Und fühlt sich etwas gut an , lächelt er.

Eigentlich ganz einfach . Oder ?

Aufgewärmt Teil 2

Weiter gehts, vom Lago Maggiore ans Meer. Erst noch die teuerste Tankstelle Italiens angefahren, genau die, die Herr Müller meiden wollte, da sie ja letztes Jahr schon die teuerste war. Und jetzt, wieder dort. Kurz hinter Luino auf der Landstraße, aber 15 Cent teurer, als auf einer Autobahnraststätte. Aber dafür ja in der Dieselteuren Schweiz nicht tanken müssen. Naja, nächstes Jahr denken wir dran.

Wir wollen ans Meer, wenn alles gut läuft nach Savona. Herr Müllers Favorit. Kleiner Platz, Stellplatz direkt am Meer. Eine kleine Kirche nebenan, die mit ihren Glocken ein Lied spielt. Eine Pizza und ein Bier direkt vor Mo und dem Meer.

Die Fahrt läuft super, wir kommen dort an, bekommen einen Platz, eigentlich alles top.

ABER?

Irgendwie fehlt das feeling, es fühlt sich nicht so an wie erhofft.

ABER WARUM?

Es ist alles perfekt, wir stehen direkt am Meer, waren Baden, essen die Pizza vorm Mo und trinken ein Bier dazu.
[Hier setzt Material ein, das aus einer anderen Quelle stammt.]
(* Let $d \geq 0$ be an integer and $\rho > 0$. Let $\mathsf{S}$ be a random sprinkle of density $\rho$ in $(1+d)$-dimensional Minkowski spacetime $\mathbb{M}^{1+d}$, regarded as a poset with the induced causal order. Then, with probability $1$, $\mathsf{S}$ is total locally unsymmetric; that is, almost surely, for every finite subset $F \subseteq \mathsf{S}$, every automorphism of the poset $\mathsf{S} \setminus F$ that moves only finitely many elements is the identity.
   Context: Minkowski spacetime $\mathbb{M}^{1+d} = \mathbb{R}^{1+d}$ with coordinates $(t, x_1,\dots,x_d)$, volume measure $\nu$ the Lebesgue measure, and causal partial order $p \preceq q$ iff $q - p$ is future-directed causal or zero (i.e. $q_0 - p_0 \geq \sqrt{\sum_{i=1}^d (q_i-p_i)^2}$). A sprinkle of density $\rho>0$ is a realisation of the Poisson point process on $\mathbb{M}^{1+d}$ with intensity $\rho\,\nu$: it is a random locally finite subset $\mathsf{S}$ (finite intersection with every compact set) such that for every precompact region $K$, the probability that $\mathsf{S}\cap K$ has exactly $n$ points is $e^{-\rho\nu(K)}\frac{(\rho\nu(K))^n}{n!}$, with points of disjoint regions independent (equivalently, for measurable $B_n$ in the space of $n$-point subsets of $K$, $\mu_K(B_n) = e^{-\rho\nu(K)}\frac{\rho^n}{n!}\nu^n(\Sigma_{K,n}^{-1}(B_n))$, where $\Sigma_{K,n}$ maps $n$-tuples of distinct points of $K$ to the corresponding $n$-element set). The sprinkle is a poset with the restriction of $\preceq$. For a poset $P$, an automorphism $\alpha$ of $P$ is a bijection $P\to P$ preserving and reflecting the order; an element $a$ is fixed if $\alpha(a)=a$. A local symmetry of $P$ is a non-identity automorphism of $P$ for which the set of non-fixed elements is finite. For $k \in \mathbb{N}_0$, a poset $P$ is $k$-stable locally unsymmetric if for every subset $S \subseteq P$ with $|S| \leq k$, the poset $P \setminus S$ (with the induced order) has no local symmetries. $P$ is total locally unsymmetric if it is $k$-stable locally unsymmetric for every finite $k \leq |P|$, i.e. removing any finite set of elements leaves a poset without local symmetries. *)

theory Defs
  imports "HOL-Probability.Probability"
begin

text \<open>Minkowski spacetime M^{1+d} is modelled as a Euclidean space 'a with DIM('a) = 1+d
  (so d = DIM('a) - 1 >= 0 is arbitrary), with a chosen basis vector e giving the time
  coordinate; the remaining basis vectors give the spatial coordinates.\<close>

definition causal_le :: "'a::euclidean_space \<Rightarrow> 'a \<Rightarrow> 'a \<Rightarrow> bool" where
  "causal_le e p q \<longleftrightarrow> (q - p) \<bullet> e \<ge> norm ((q - p) - ((q - p) \<bullet> e) *\<^sub>R e)"

definition poset_automorphism :: "('a \<Rightarrow> 'a \<Rightarrow> bool) \<Rightarrow> 'a set \<Rightarrow> ('a \<Rightarrow> 'a) \<Rightarrow> bool" where
  "poset_automorphism le P \<alpha> \<longleftrightarrow>
     bij_betw \<alpha> P P \<and> (\<forall>x\<in>P. \<forall>y\<in>P. le x y \<longleftrightarrow> le (\<alpha> x) (\<alpha> y))"

definition local_symmetry :: "('a \<Rightarrow> 'a \<Rightarrow> bool) \<Rightarrow> 'a set \<Rightarrow> ('a \<Rightarrow> 'a) \<Rightarrow> bool" where
  "local_symmetry le P \<alpha> \<longleftrightarrow>
     poset_automorphism le P \<alpha> \<and> (\<exists>x\<in>P. \<alpha> x \<noteq> x) \<and> finite {x\<in>P. \<alpha> x \<noteq> x}"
Perfekt, aber war die Vorstellung, dies zu toppen? Kann man es toppen? MUSS man es?

NEIN,

Es ist einfach perfekt, man muss es nicht immer noch besser, noch perfekter haben. Man muss mal wieder auf den Boden zurück kommen.

Am nächsten morgen spielt die kleine Kirche das Lied. Das ist Glück. Die kleinen Dinge im Leben machen einen glücklich. Dessen sollte man sich immer wieder bewusst sein.

Nie wird’s wieder so schön wie es war …

Man soll ja NIEMALS NIE wieder was aufwärmen . Außer Gulasch oder Linsen vielleicht .

Aber auf GAR KEINEN FALL ein Urlaubsziel oder gar den gleichen Campingplatz.

Wir machen es doch . Fahren direkt nach Maccagno zum bekannten Platz. An der Rezeption geparkt, noch nicht mal ausgestiegen, meint die freundliche Dame am Empfang : euch kenn ich doch !

Na klar ! Juhu ! Wir strahlen . Alle Daten vom letzen Jahr noch da . Datenschutz wird in Italien ja eh überbewertet.

Platz bekommen , zweite Reihe zum See nur, macht aber nix .

Schon am ersten Tag werden wir so oft auf Mo angesprochen wie das letzte ganze Jahr . Und wieder sind die Schwaben die freundlichsten .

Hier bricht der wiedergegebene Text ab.